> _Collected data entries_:
lemma norm_matrix_vector_le_spectral_radius:
  fixes A :: "real^'n^'m"
  shows "(norm (A *v u))\<^sup>2 \<le> spectral_radius (transpose A ** A) * (norm u)\<^sup>2"
proof -
  obtain v \<mu> where v: "v \<noteq> 0" "(norm (A *v v))\<^sup>2 = \<mu> * (norm v)\<^sup>2"
    and le: "\<And>w. (norm (A *v w))\<^sup>2 \<le> \<mu> * (norm w)\<^sup>2"
    using rayleigh_maximizer_exists[of A] by blast
  have "\<bar>\<mu>\<bar> \<le> spectral_radius (transpose A ** A)"
    using rayleigh_maximizer_is_eigenvector[OF le v(2)] v(1) by (rule eigenvalue_le_spectral_radius)
  then show ?thesis
    using le[of u] by (meson abs_ge_self mult_right_mono order_trans zero_le_power2)
qed

lemma M_norm2_nonneg:
  fixes A :: "real^'n^'m"
  assumes "\<tau> > 0" "\<sigma> > 0" "\<tau> * \<sigma> * spectral_radius (transpose A ** A) \<le> 1"
  shows "0 \<le> M_norm2 \<tau> \<sigma> A dx dy"
proof -
  have "\<sigma> * (norm (A *v dx))\<^sup>2 \<le> \<sigma> * spectral_radius (transpose A ** A) * (norm dx)\<^sup>2"
    using norm_matrix_vector_le_spectral_radius assms(2)
    by (simp add: mult.assoc mult_left_mono)
  also have "\<dots> \<le> inverse \<tau> * (norm dx)\<^sup>2"
    using assms by (intro mult_right_mono) (simp_all add: field_simps)
  finally show ?thesis
    using M_norm2_ge[OF assms(2), of \<tau> dx A dy] by linarith
qed

lemma M_norm2_bounded_below_if_steps_small:
  fixes A :: "real^'n^'m" and \<tau> \<sigma> :: "nat \<Rightarrow> real"
  assumes "\<And>k. \<tau> k > 0" "\<And>k. \<sigma> k > 0"
    and "\<forall>k>0. \<tau> k * \<sigma> k < L" "L * spectral_radius (transpose A ** A) < 1"
  shows "\<exists>C. \<forall>k. C \<le> M_norm2 (\<tau> k) (\<sigma> k) A (u k) (v k)"
proof -
  let ?\<rho> = "spectral_radius (transpose A ** A)"
  have nonneg: "0 \<le> M_norm2 (\<tau> k) (\<sigma> k) A (u k) (v k)" if "k > 0" for k
  proof (rule M_norm2_nonneg)
    have "0 < \<tau> k * \<sigma> k"
      using assms(1,2) by simp
    show "\<tau> k * \<sigma> k * ?\<rho> \<le> 1"
    proof (cases "?\<rho> \<le> 0")
      case True
      then show ?thesis
        using \<open>0 < \<tau> k * \<sigma> k\<close> mult_nonneg_nonpos[of "\<tau> k * \<sigma> k" ?\<rho>] by simp
    next
      case False
      then have "\<tau> k * \<sigma> k * ?\<rho> \<le> L * ?\<rho>"
        using assms(3) that by (intro mult_right_mono) (auto simp: less_imp_le)
      then show ?thesis
        using assms(4) by linarith
    qed
  qed (use assms in auto)
  have "min 0 (M_norm2 (\<tau> 0) (\<sigma> 0) A (u 0) (v 0)) \<le> M_norm2 (\<tau> k) (\<sigma> k) A (u k) (v k)"
    for k
  proof (cases "k = 0")
    case False
    then have "0 \<le> M_norm2 (\<tau> k) (\<sigma> k) A (u k) (v k)"
      by (intro nonneg) simp
    then show ?thesis
      by (rule min.coboundedI1)
  qed simp
  then show ?thesis
    by blast
qed

lemma M_norm2_bounded_below_if_primal_bounded:
  fixes A :: "real^'n^'m"
  assumes "\<And>k. \<tau> k > 0" "\<And>k. \<sigma> k > 0" "\<And>k. \<sigma> k \<le> B" "bounded (range u)"
  shows "\<exists>C. \<forall>k. C \<le> M_norm2 (\<tau> k) (\<sigma> k) A (u k) (v k)"
proof -
  have "bounded ((*v) A ` range u)"
    using assms(4) by (rule bounded_linear_image) simp
  then obtain R where R: "\<And>k. norm (A *v u k) \<le> R"
    by (auto simp: bounded_iff)
  have "- (B * R\<^sup>2) \<le> M_norm2 (\<tau> k) (\<sigma> k) A (u k) (v k)" for k
  proof -
    have "\<sigma> k * (norm (A *v u k))\<^sup>2 \<le> B * R\<^sup>2"
      using assms(2,3)[of k] R[of k] by (intro mult_mono power_mono) auto
    moreover have "0 \<le> inverse (\<tau> k) * (norm (u k))\<^sup>2"
      using assms(1)[of k] by simp
    ultimately show ?thesis
      using M_norm2_ge[OF assms(2)[of k], of "\<tau> k" "u k" A "v k"] by linarith
  qed
  then show ?thesis
    by blast
qed
lemma eq_gis_vertex_if_sink:
  assumes "y \<in> gis_carrier V Ed s r" "\<forall>f\<in>Ed. s f \<noteq> w"
    and "gis_mult r (gis_vertex w) y \<noteq> GZero" "gis_mult r y (gis_vertex w) \<noteq> GZero"
  shows "y = gis_vertex w"
proof -
  obtain a ps b qs where y: "y = GElt (a, ps) (b, qs)"
    and paths: "is_path V Ed s r (a, ps)" "is_path V Ed s r (b, qs)"
    using assms(1,3) unfolding gis_carrier_def by auto
  show ?thesis using assms(2-4) paths unfolding y
    by (cases ps; cases qs)
      (auto simp: gis_vertex_def is_path_def path_prefix_def path_cat_def path_rest_def split: if_splits)
qed

lemma gis_path_inv_mult_mult_gis_path:
  assumes "path_rng r u = path_rng r v"
  shows "gis_mult r (gis_mult r (gis_path_inv r u) (GElt u v)) (gis_path r v) = gis_vertex (path_rng r u)"
  using assms by (auto simp: gis_path_def gis_path_inv_def gis_vertex_def path_prefix_def path_cat_def path_rest_def)

lemma path_prefixes_if_gis_path_inv_mult_mult_gis_path:
  assumes "gis_mult r (gis_mult r (gis_path_inv r u) (GElt p q)) (gis_path r v) = gis_vertex w"
  shows "path_prefix p u \<and> path_prefix q v"
  using assms
  by (auto simp: gis_path_def gis_path_inv_def gis_vertex_def path_prefix_def path_cat_def
      path_rest_def prefix_def split: if_splits; metis)

lemma finite_path_prefixes: "finite {p. path_prefix p u}"
proof (rule finite_subset)
  show "{p. path_prefix p u} \<subseteq> {fst u} \<times> set (prefixes (snd u))"
    by (auto simp: path_prefix_def)
qed simp

lemma topspace_tau_c: "topspace (tau_c V Ed s r) = gis_carrier V Ed s r"
proof -
  have "openin (tau_c V Ed s r) (gis_carrier V Ed s r)" by (simp add: openin_tau_c)
  then have "gis_carrier V Ed s r \<subseteq> topspace (tau_c V Ed s r)" by (rule openin_subset)
  moreover have "topspace (tau_c V Ed s r) \<subseteq> gis_carrier V Ed s r"
    using openin_topspace[of "tau_c V Ed s r"] by (simp only: openin_tau_c)
  ultimately show ?thesis by blast
qed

> _Exercise objective_: Print the lines above from the one with "by (cases ps; cases qs)" through the one with "u = path_rng", both included, exactly as written and nothing more.

> _Solution_:
    by (cases ps; cases qs)
      (auto simp: gis_vertex_def is_path_def path_prefix_def path_cat_def path_rest_def split: if_splits)
qed

lemma gis_path_inv_mult_mult_gis_path:
  assumes "path_rng r u = path_rng r v"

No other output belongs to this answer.